My great grandmother on my dad's side had seven daughters and seven sons. Her dying wish was that the family not drift apart. As a result, every year there was a Gathering Of The Tribes where far-flung 'bl00s would gather their Winnebagos in Claunch, New Mexico to eat fried catfish. Do me a solid and look up Claunch, NM in Google Maps. Check it out in satellite view for full effect. Know that if you water a tree with the well water there it'll die... and the only water is well water. Also know that my father is the first 'bl00 to go to college in that entire extended family tree. ANYWAY

We didn't have to do that much, but we had a mini Gathering of the Tribes at Easter, 4th of July, Thanksgiving and Christmas where my family and my aunt's extended brood would show up at my grandparents' house to eat a dead animal, Stove Top with egg in it and green jello full of carrot shavings. My mother, in protest, would always drag her feet so that we would show up two hours after the meal was served with a veggie tray that nobody wanted.

Easter was particularly weird because my cousins babysat me and my sister, while I babysat my cousin's kids. There were four of them less than five years apart, but the youngest was six years older than me. My grandparents occupied a walled compound on the Santa Fe Trail just up the road from Chimayo, the inspiration for The Milagro Beanfield War. The easter egg hunt happened in a concrete and rock courtyard surrounded by eight feet of gray cindeblock with a small patch of lawn and a giant satellite dish.

And strawberry plants. Strawberry plants that never bore fruit.

So it was pretty much up to me and my sister to provide the "entertainment" of easter, at least until my cousins started popping out kids. We didn't hunt for eggs, we didn't hunt for candy. We hunted for fossils that had been candy when my cousins were our age:

You see, they were individually wrapped. And they were like a jellybean coating with marshmallow on the inside. Or, they had been when my cousin Larry was a kid. Back when my grandmother had somehow secured a deal on the free world supply of the horrible things. Because they never, ever stopped.

Larry graduated high school when I was in first grade.

So it didn't really matter whether we found everything or not. And the hiders would often find eggs that had been left there years before, and just let them be... someone would find them eventually. Cruellest of ironies, once my cousins' kids were ambulatory my cousins took it upon themselves to resupply my grandmother's candy horde with treats that post-dated the fall of Saigon.
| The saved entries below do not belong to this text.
(* Fix $k\in[n]$ and vectors $\delta_i\in\mathbb{R}^n$ for $i\neq k$. Let $(W,P)$ be the stable point for the positions $M+\Delta_0$, where $\Delta_0e_i=\delta_i$ for $i\ne k$ and $\Delta_0e_k=0$, and let $(W',P')$ be the stable point for $M+\Delta_1$, where $\Delta_1e_i=\delta_i$ for $i\neq k$ and $\Delta_1e_k=\delta_k\in\mathbb{R}^n$. Let $\Gamma^{-1/2}\Sigma\Gamma^{-1/2}=V\Lambda V^T$ be an eigendecomposition with $V$ orthogonal and $\Lambda=\mathrm{diag}(\lambda_1,\dots,\lambda_n)$, $\lambda_i>0$. Define the symmetric matrix $A\in\mathbb{R}^{n\times n}$ by $$A_{ii}=\frac{V_{ki}^2}{4\lambda_i}+\sum_{\ell=1}^n\frac{V_{k\ell}^2}{2(\lambda_i+\lambda_\ell)},\qquad A_{ij}=\frac{V_{ki}V_{kj}}{2(\lambda_i+\lambda_j)}\ (i\neq j),$$ and $B=\gamma_k^{-1}\Gamma^{-1/2}VAV^T\Gamma^{-1/2}$. Then $W'e_k=We_k+B\delta_k$.
   Context: Fix agents $[n]=\{1,\dots,n\}$. Let $\Sigma\in\mathbb{R}^{n\times n}$ be symmetric positive definite, $\Gamma=\mathrm{diag}(\gamma_1,\dots,\gamma_n)$ with all $\gamma_i>0$, and let $M\in\mathbb{R}^{n\times n}$ be the matrix of true beliefs. For a matrix of reported negotiating positions $M'\in\mathbb{R}^{n\times n}$, the stable point for $M'$ is the unique pair $(W,P)$ of real $n\times n$ matrices with $W=W^T$, $P^T=-P$ and $M'-P=2\Sigma W\Gamma$; equivalently $\mathrm{vec}(W)=\tfrac12(\Gamma\otimes\Sigma+\Sigma\otimes\Gamma)^{-1}\mathrm{vec}(M'+M'^T)$ and $P=M'-2\Sigma W\Gamma$. Here $\mathrm{vec}$ stacks columns and $e_i$ is the $i$-th standard basis vector. *)

theory Defs
  imports "HOL-Analysis.Analysis"
begin

definition diagm :: "real ^ 'n \<Rightarrow> real ^ 'n ^ 'n" where
  "diagm v = (\<chi> i j. if i = j then v $ i else 0)"

definition is_stable_point ::
  "real ^ 'n ^ 'n \<Rightarrow> real ^ 'n \<Rightarrow> real ^ 'n ^ 'n \<Rightarrow> real ^ 'n ^ 'n \<Rightarrow> real ^ 'n ^ 'n \<Rightarrow> bool" where
  "is_stable_point Sig gamma M' W P \<longleftrightarrow>
     transpose W = W \<and> transpose P = - P \<and> M' - P = 2 *\<^sub>R (Sig ** W ** diagm gamma)"

definition Amat :: "real ^ 'n ^ 'n \<Rightarrow> real ^ 'n \<Rightarrow> 'n \<Rightarrow> real ^ 'n ^ 'n" where
  "Amat V lam k = (\<chi> i j. if i = j then
        (V $ k $ i)^2 / (4 * lam $ i) + (\<Sum>l\<in>UNIV. (V $ k $ l)^2 / (2 * (lam $ i + lam $ l)))
      else (V $ k $ i) * (V $ k $ j) / (2 * (lam $ i + lam $ j)))"

end

theory Submission
  imports Defs
begin

text \<open>Subtracting the two stable-point equations and adding the transpose removes the skew
  parts: the change \<open>X = W' - W\<close> solves the Lyapunov equation
  \<open>\<Sigma> X \<Gamma> + \<Gamma> X \<Sigma> = (D + D\<^sup>T) / 2\<close> with \<open>D = \<delta>\<^sub>k e\<^sub>k\<^sup>T\<close>.
  In the coordinates \<open>Z = V\<^sup>T \<Gamma>^(1/2) X \<Gamma>^(1/2) V\<close> it becomes \<open>\<Lambda> Z + Z \<Lambda> = E\<close>,
  which is solved entrywise by \<open>Z\<^sub>a\<^sub>b = E\<^sub>a\<^sub>b / (\<lambda>\<^sub>a + \<lambda>\<^sub>b)\<close>. The right-hand side \<open>E\<close>
  has rank two, spanned by \<open>u = V\<^sup>T \<Gamma>^(-1/2) \<delta>\<^sub>k\<close> and the \<open>k\<close>-th row of \<open>V\<close>, and
  reading off column \<open>k\<close> of \<open>X\<close> yields \<open>A u\<close>.\<close>

lemma matrix_add_rdistrib: "((A::real^'n^'m) + B) ** C = A ** C + B ** C"
  by (simp add: matrix_matrix_mult_def vec_eq_iff sum.distrib algebra_simps)

lemma matrix_diff_ldistrib: "(A::real^'n^'m) ** (B - C) = A ** B - A ** C"
  by (simp add: matrix_matrix_mult_def vec_eq_iff sum_subtractf algebra_simps)

lemma matrix_diff_rdistrib: "((A::real^'n^'m) - B) ** C = A ** C - B ** C"
  by (simp add: matrix_matrix_mult_def vec_eq_iff sum_subtractf algebra_simps)

lemma transpose_add: "transpose ((A::real^'n^'m) + B) = transpose A + transpose B"
  by (simp add: transpose_def vec_eq_iff)

lemma diagm_mult_matrix_nth: "(diagm x ** A) $ i $ j = x $ i * (A::real^'m^'n) $ i $ j"
  unfolding diagm_def matrix_matrix_mult_def by (simp add: if_distrib if_distribR cong: if_cong)

lemma matrix_mult_diagm_nth: "(A ** diagm x) $ i $ j = (A::real^'n^'m) $ i $ j * x $ j"
  unfolding diagm_def matrix_matrix_mult_def by (simp add: if_distrib if_distribR cong: if_cong)

lemma diagm_mult_vector_nth: "(diagm x *v y) $ i = x $ i * y $ i"
  unfolding diagm_def matrix_vector_mult_def by (simp add: if_distrib if_distribR cong: if_cong)

lemma diagm_mult_diagm: "diagm x ** diagm y = diagm (\<chi> i. x $ i * y $ i)"
  by (simp add: vec_eq_iff diagm_mult_matrix_nth) (simp add: diagm_def)

lemma transpose_diagm [simp]: "transpose (diagm x) = diagm x"
  by (simp add: transpose_def diagm_def vec_eq_iff)

lemma stable_point_symmetric_part:
  assumes "is_stable_point Sig gamma M' W P" and "transpose Sig = Sig"
  shows "M' + transpose M' = 2 *\<^sub>R (Sig ** W ** diagm gamma + diagm gamma ** W ** Sig)"
proof -
  from assms(1) have W: "transpose W = W" and P: "transpose P = - P"
    and M': "M' = P + 2 *\<^sub>R (Sig ** W ** diagm gamma)"
    by (auto simp: is_stable_point_def algebra_simps)
  have "transpose M' = - P + 2 *\<^sub>R (diagm gamma ** W ** Sig)"
    by (simp add: M' transpose_add transpose_scalar matrix_transpose_mul W P assms(2) matrix_mul_assoc)
  then show ?thesis
    by (simp add: M' scaleR_add_right)
qed

lemma stable_point_difference:
  assumes "is_stable_point Sig gamma M0 W0 P0" and "is_stable_point Sig gamma M1 W1 P1"
    and "transpose Sig = Sig"
  shows "(M1 - M0) + transpose (M1 - M0)
    = 2 *\<^sub>R (Sig ** (W1 - W0) ** diagm gamma + diagm gamma ** (W1 - W0) ** Sig)"
proof -
  have "(M1 - M0) + transpose (M1 - M0) = (M1 + transpose M1) - (M0 + transpose M0)"
    by (simp add: vec_eq_iff transpose_def)
  also have "\<dots> = 2 *\<^sub>R (Sig ** W1 ** diagm gamma + diagm gamma ** W1 ** Sig)
      - 2 *\<^sub>R (Sig ** W0 ** diagm gamma + diagm gamma ** W0 ** Sig)"
    using assms by (simp add: stable_point_symmetric_part)
  finally show ?thesis
    by (simp add: matrix_diff_ldistrib matrix_diff_rdistrib algebra_simps)
qed

lemma diagm_lyapunov_solution:
  assumes "E = diagm lam ** Z + Z ** diagm lam" and "lam $ a + lam $ b \<noteq> 0"
  shows "Z $ a $ b = E $ a $ b / (lam $ a + lam $ b)"
  using assms by (simp add: diagm_mult_matrix_nth matrix_mult_diagm_nth field_simps)

lemma lyapunov_solution:
  fixes Sig X C V :: "real^'n^'n" and gamma lam :: "real^'n"
  defines "H \<equiv> diagm (\<chi> i. 1 / sqrt (gamma $ i))"
  assumes gamma_pos: "\<And>i. gamma $ i > 0"
    and V: "orthogonal_matrix V"
    and lam_pos: "\<And>i. lam $ i > 0"
    and eig: "H ** Sig ** H = V ** diagm lam ** transpose V"
    and C: "C = Sig ** X ** diagm gamma + diagm gamma ** X ** Sig"
  shows "X = H ** V ** (\<chi> a b. (transpose V ** H ** C ** H ** V) $ a $ b / (lam $ a + lam $ b))
               ** transpose V ** H"
proof -
  define R where "R = diagm (\<chi> i. sqrt (gamma $ i))"
  define G where "G = diagm gamma"
  define L where "L = diagm lam"
  define tV where "tV = transpose V"
  have HR: "H ** R = mat 1" "R ** H = mat 1"
    unfolding H_def R_def diagm_mult_diagm using gamma_pos
    by (auto simp: diagm_def mat_def vec_eq_iff less_imp_neq[symmetric])
  have GH: "G ** H = R" "H ** G = R"
    unfolding H_def R_def G_def diagm_mult_diagm using gamma_pos
    by (auto simp: diagm_def vec_eq_iff less_imp_le real_div_sqrt)
  have VV: "tV ** V = mat 1" "V ** tV = mat 1"
    using V unfolding orthogonal_matrix_def tV_def by auto
  have cancel: "\<And>Y::real^'n^'n. Y ** H ** R = Y" "\<And>Y::real^'n^'n. Y ** R ** H = Y"
    "\<And>Y::real^'n^'n. Y ** tV ** V = Y" "\<And>Y::real^'n^'n. Y ** V ** tV = Y"
    "\<And>Y::real^'n^'n. Y ** G ** H = Y ** R" "\<And>Y::real^'n^'n. Y ** H ** G = Y ** R"
    by (simp_all add: matrix_mul_assoc[symmetric] HR VV GH)
  have Sig: "Sig = R ** V ** L ** tV ** R"
  proof -
    have "Sig = (R ** H) ** Sig ** (H ** R)" by (simp add: HR)
    also have "\<dots> = R ** (H ** Sig ** H) ** R"
      by (simp add: matrix_mul_assoc)
    also have "\<dots> = R ** (V ** L ** tV) ** R"
      by (simp add: eig L_def tV_def)
    finally show ?thesis by (simp add: matrix_mul_assoc)
  qed
  define Z where "Z = tV ** R ** X ** R ** V"
  have X: "X = H ** V ** Z ** tV ** H"
    unfolding Z_def by (simp add: matrix_mul_assoc cancel VV HR)
  have "tV ** H ** C ** H ** V = L ** Z + Z ** L"
    unfolding C Sig Z_def G_def[symmetric]
    by (simp add: matrix_add_ldistrib matrix_add_rdistrib matrix_mul_assoc cancel VV)
  then have "Z $ a $ b = (tV ** H ** C ** H ** V) $ a $ b / (lam $ a + lam $ b)" for a b
    using lam_pos[of a] lam_pos[of b] unfolding L_def
    by (intro diagm_lyapunov_solution) auto
  then have "Z = (\<chi> a b. (tV ** H ** C ** H ** V) $ a $ b / (lam $ a + lam $ b))"
    by (simp add: vec_eq_iff)
  with X show ?thesis by (simp add: tV_def)
qed

lemma column_matrix_congruence:
  fixes V :: "real^'n^'n"
  shows "transpose V ** diagm h ** (\<chi> r c. if c = k then w $ r else 0) ** diagm h ** V
    = h $ k *\<^sub>R (\<chi> a b. (transpose V *v (diagm h *v w)) $ a * V $ k $ b)"
  by (simp add: vec_eq_iff matrix_matrix_mult_def matrix_vector_mult_def transpose_def diagm_def
      if_distrib if_distribR sum_distrib_left sum_distrib_right mult_ac cong: if_cong)
     (subst sum.swap, simp)

lemma symmetrized_column_matrix_congruence:
  fixes V :: "real^'n^'n" and h w :: "real^'n" and k :: 'n
  defines "D \<equiv> \<chi> r c. if c = k then w $ r else 0"
    and "u \<equiv> transpose V *v (diagm h *v w)"
  shows "transpose V ** diagm h ** ((1/2) *\<^sub>R (D + transpose D)) ** diagm h ** V
    = (h $ k / 2) *\<^sub>R (\<chi> a b. u $ a * V $ k $ b + V $ k $ a * u $ b)"
proof -
  have D: "transpose V ** diagm h ** D ** diagm h ** V = h $ k *\<^sub>R (\<chi> a b. u $ a * V $ k $ b)"
    unfolding D_def u_def by (rule column_matrix_congruence)
  then have "transpose V ** diagm h ** transpose D ** diagm h ** V
      = h $ k *\<^sub>R transpose (\<chi> a b. u $ a * V $ k $ b)"
    by (metis matrix_transpose_mul matrix_mul_assoc transpose_diagm transpose_transpose transpose_scalar)
  with D show ?thesis
    by (simp add: matrix_scalar_ac scalar_matrix_assoc[symmetric] matrix_add_ldistrib matrix_add_rdistrib
        vec_eq_iff transpose_def algebra_simps)
qed

lemma Amat_mult_vec:
  "Amat V lam k *v u
    = (\<chi> a b. (u $ a * V $ k $ b + V $ k $ a * u $ b) / (2 * (lam $ a + lam $ b))) *v row k V"
proof -
  have entry: "Amat V lam k $ a $ b * u $ b
      = V $ k $ a * V $ k $ b / (2 * (lam $ a + lam $ b)) * u $ b
        + (if a = b then (\<Sum>l\<in>UNIV. (V $ k $ l)^2 / (2 * (lam $ a + lam $ l))) * u $ a else 0)"
    for a b
    by (cases "a = b") (simp_all add: Amat_def power2_eq_square distrib_right)
  then have "(\<Sum>b\<in>UNIV. Amat V lam k $ a $ b * u $ b)
      = (\<Sum>b\<in>UNIV. V $ k $ a * V $ k $ b / (2 * (lam $ a + lam $ b)) * u $ b)
        + (\<Sum>l\<in>UNIV. (V $ k $ l)^2 / (2 * (lam $ a + lam $ l))) * u $ a" for a
    by (simp add: sum.distrib)
  then show ?thesis
    by (simp add: vec_eq_iff matrix_vector_mult_def row_def distrib_left sum.distrib
        sum_distrib_left power2_eq_square add_divide_distrib mult_ac)
qed

lemma lyapunov_column_response:
  fixes Sig X V :: "real^'n^'n" and gamma lam w :: "real^'n" and k :: 'n
  defines "H \<equiv> diagm (\<chi> i. 1 / sqrt (gamma $ i))"
    and "D \<equiv> \<chi> r c. if c = k then w $ r else 0"
  assumes gamma_pos: "\<And>i. gamma $ i > 0"
    and V: "orthogonal_matrix V"
    and lam_pos: "\<And>i. lam $ i > 0"
    and eig: "H ** Sig ** H = V ** diagm lam ** transpose V"
    and lyap: "D + transpose D = 2 *\<^sub>R (Sig ** X ** diagm gamma + diagm gamma ** X ** Sig)"
  shows "column k X = ((1 / gamma $ k) *\<^sub>R (H ** V ** Amat V lam k ** transpose V ** H)) *v w"
proof -
  define h where "h = (\<chi> i. 1 / sqrt (gamma $ i))"
  define u where "u = transpose V *v (H *v w)"
  define N where "N = (\<chi> a b. (u $ a * V $ k $ b + V $ k $ a * u $ b) / (2 * (lam $ a + lam $ b)))"
  have "X = H ** V ** (\<chi> a b. (transpose V ** H ** ((1/2) *\<^sub>R (D + transpose D)) ** H ** V) $ a $ b
      / (lam $ a + lam $ b)) ** transpose V ** H"
    using lyap by (intro lyapunov_solution[OF gamma_pos V lam_pos eig[unfolded H_def], folded H_def]) simp
  also have "(\<chi> a b. (transpose V ** H ** ((1/2) *\<^sub>R (D + transpose D)) ** H ** V) $ a $ b
      / (lam $ a + lam $ b)) = h $ k *\<^sub>R N"
    unfolding H_def D_def h_def[symmetric] symmetrized_column_matrix_congruence
    by (simp add: N_def u_def H_def h_def vec_eq_iff)
  finally have X: "X = H ** V ** (h $ k *\<^sub>R N) ** transpose V ** H" .
  have "H *v axis k 1 = h $ k *\<^sub>R axis k 1"
    by (simp add: H_def h_def vec_eq_iff diagm_mult_vector_nth axis_def)
  then have ek: "transpose V *v (H *v axis k 1) = h $ k *\<^sub>R row k V"
    by (simp add: matrix_vector_mult_scaleR matrix_vector_mult_basis)
  have hk: "h $ k * h $ k = 1 / gamma $ k"
    using gamma_pos[of k] by (simp add: h_def less_imp_le)
  have "column k X = H *v (V *v ((h $ k *\<^sub>R N) *v (h $ k *\<^sub>R row k V)))"
    unfolding matrix_vector_mult_basis[symmetric] X ek[symmetric]
    by (simp only: matrix_vector_mul_assoc matrix_mul_assoc)
  also have "\<dots> = H *v (V *v ((1 / gamma $ k) *\<^sub>R (Amat V lam k *v u)))"
    by (simp add: Amat_mult_vec N_def hk[symmetric] matrix_vector_mult_scaleR scaleR_matrix_vector_assoc)
  also have "\<dots> = ((1 / gamma $ k) *\<^sub>R (H ** V ** Amat V lam k ** transpose V ** H)) *v w"
    by (simp add: u_def matrix_vector_mul_assoc matrix_vector_mult_scaleR scaleR_matrix_vector_assoc
        matrix_mul_assoc matrix_scalar_ac scalar_matrix_assoc[symmetric])
  finally show ?thesis .
qed

theorem mainTheorem2:
  fixes Sig M :: "real ^ 'n ^ 'n"
    and gamma :: "real ^ 'n"
    and k :: 'n
    and delta :: "'n \<Rightarrow> real ^ 'n"
    and W P W' P' V :: "real ^ 'n ^ 'n"
    and lam :: "real ^ 'n"
  assumes Sigma_sym: "transpose Sig = Sig"
    and Sigma_pd: "\<And>x. x \<noteq> 0 \<Longrightarrow> x \<bullet> (Sig *v x) > 0"
    and gamma_pos: "\<And>i. gamma $ i > 0"
    and stab0: "is_stable_point Sig gamma
                  (M + (\<chi> r c. if c = k then 0 else delta c $ r)) W P"
    and stab1: "is_stable_point Sig gamma
                  (M + (\<chi> r c. delta c $ r)) W' P'"
    and V_orth: "orthogonal_matrix V"
    and lam_pos: "\<And>i. lam $ i > 0"
    and eig: "diagm (\<chi> i. 1 / sqrt (gamma $ i)) ** Sig ** diagm (\<chi> i. 1 / sqrt (gamma $ i))
              = V ** diagm lam ** transpose V"
  shows "column k W' = column k W +
           ((1 / gamma $ k) *\<^sub>R (diagm (\<chi> i. 1 / sqrt (gamma $ i)) ** V ** Amat V lam k
              ** transpose V ** diagm (\<chi> i. 1 / sqrt (gamma $ i)))) *v delta k"
  \<comment> \<open>\<open>Sigma_pd\<close> is unused: it already follows from \<open>eig\<close> and \<open>lam_pos\<close>.\<close>
proof -
  have "(M + (\<chi> r c. delta c $ r)) - (M + (\<chi> r c. if c = k then 0 else delta c $ r))
      = (\<chi> r c. if c = k then delta k $ r else 0)"
    by (simp add: vec_eq_iff)
  then have "column k (W' - W) = ((1 / gamma $ k) *\<^sub>R (diagm (\<chi> i. 1 / sqrt (gamma $ i)) ** V
      ** Amat V lam k ** transpose V ** diagm (\<chi> i. 1 / sqrt (gamma $ i)))) *v delta k"
    using stable_point_difference[OF stab0 stab1 Sigma_sym]
    by (intro lyapunov_column_response[OF gamma_pos V_orth lam_pos eig]) simp
  then show ?thesis
    by (simp add: column_def vec_eq_iff diff_eq_eq add.commute)
qed

end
So those ungrateful little shits never had to smile around fuckin' petrified marshmallow with a belly full of lime and carrot jello. By the time I had a taste of a Brach's Candy Egg the way Papa Brach intended it to be eaten I was well past the joy of finding one hidden behind the slew motor of a K-band satellite dish. So I hid them for my little cousins, ungrateful little shits that had no idea how good they had it.

I hid the fuck out of those eggs. I'll bet some of them are still there.

*

As far as the challenge in the Great El Segundo Pigfuck of 2014, it should be pointed out that "hiding" is mostly a formality when one is dealing with toddlers. That said, yeah, we were unimpressed by the spirit of the event. At least leave the grass unmowed for a couple weeks, FFS.

And here I sit, insomniac, with an easter basket to my left and scattered plastic eggs all throughout the living room. We didn't hide them very hard, but she'll have to look.

I'm totally psyched.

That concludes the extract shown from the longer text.